The high speeds reached by maglev could theoretically shorten some intercity trips to the length of a local transit ride. Maglev trains can travel roughly 50% faster than the fastest high-speed rail trains currently in use abroad and nearly twice the top speed of Amtrak's Acela, currently the fastest passenger train in the United States. At full speed, maglev trains could offer travel times competitive with airline flights at distances of up to 750 miles. At that range, maglev could serve city pairs too far apart to have merited serious consideration for new high-speed rail lines, such as Chicago-Washington, DC (700 miles), or Atlanta-Miami (660 miles).
Despite this advantage, maglev technology has seen limited real-world use since its first demonstrations in the 1980s. There is one high-speed maglev line in commercial service today, an express airport shuttle in Shanghai, China. Very short lines using maglev technology but running at much lower speeds are operating in Korea and Japan. A longer intercity line is in early construction stages in Japan, but is not expected to open before the late 2020s, and another has been proposed between Hong Kong and Guangzhou, China.
There are two main reasons, often interrelated, that few maglev lines have been built: cost and lack of interoperability. Maglev trains require very straight and level tracks to maintain high speeds. This necessitates extensive viaducts and tunneling, making construction costly. Maglev vehicles are not compatible with conventional rail infrastructure, making it difficult if not impossible for maglev trains to make use of existing terminals and rights-of-way in densely developed city centers. This too could create the need for expensive tunneling projects, or else lead developers to build terminals outside city centers, making it less convenient.
Maglev Within U.S. Transportation Policy
Federally funded research in maglev technology can be traced back to the 1970s. Since the 1990s, Congress has authorized funding for maglev research and demonstration projects in several surface transportation laws. The Intermodal Surface Transportation Efficiency Act of 1991 (ISTEA) created a maglev program office to be run jointly by the U.S. Department of Transportation and the U.S. Army Assistant Secretary for Civil Works, and authorized $500 million from the Highway Trust Fund for the program. Much of this funding was never spent. The Transportation Equity Act for the 21st Century of 1998 (TEA-21) then codified a maglev deployment program in law (23 U.S.C. §322), under which seven projects were later identified for further study.
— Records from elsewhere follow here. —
text \<open>The public components of an AOH of length t + 1 form the public history of the time-t
  histories consistent with it.  For AOHs not reachable under (q0, q1) the choice is
  unconstrained, so reached_pbs is junk there.\<close>

definition reached_pbs :: "('w,'a,'o,'q) sgame \<Rightarrow> ('w,'a,'o,'q) pubpolicy \<Rightarrow> ('w,'a,'o,'q) pubpolicy
                             \<Rightarrow> ('a,'o,'q) aoh \<Rightarrow> ('w,'a) hist pmf" where
  "reached_pbs G q0 q1 x = (SOME s. s \<in> set_pmf (pbs_dist G q0 q1 (length x - 1)) \<and>
                                    (\<exists>h\<in>set_pmf s. pubhist G h = map (\<lambda>y. snd (snd y)) x))"

definition induced_policy :: "('w,'a,'o,'q) sgame \<Rightarrow> ('w,'a,'o,'q) pubpolicy \<Rightarrow> ('w,'a,'o,'q) pubpolicy
                                \<Rightarrow> ('w,'a,'o,'q) pubpolicy \<Rightarrow> ('a,'o,'q) policy" where
  "induced_policy G q0 q1 q x = q (reached_pbs G q0 q1 x) x"

lemma induced_policy_const: "induced_policy G q0 q1 (\<lambda>_. p) = p"
  by (rule ext) (simp add: induced_policy_def)

context
  fixes G :: "('w,'a,'o,'q) sgame"
  assumes init_public: "\<forall>h\<in>set_pmf (mu G). \<forall>h'\<in>set_pmf (mu G). pubhist G h = pubhist G h'"
begin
TEA-21's successor, the Safe, Accountable, Flexible, Efficient Transportation Equity Act of 2005 (SAFETEA) and its amendments, provided $90 million and authorized two demonstration projects, one east and one west of the Mississippi River.
The selected demonstration projects in Las Vegas, NV, and Pittsburgh, PA, never reached construction. SAFETEA funding for the Las Vegas maglev was redirected to a highway project; a Final Environmental Impact Statement was completed in 2010 before the Pennsylvania project was canceled as well. More recent appropriations for maglev research and development have not included the geographic distribution requirements contained in SAFETEA. Congress has appropriated a total of $14 million for maglev research and planning since FY2019.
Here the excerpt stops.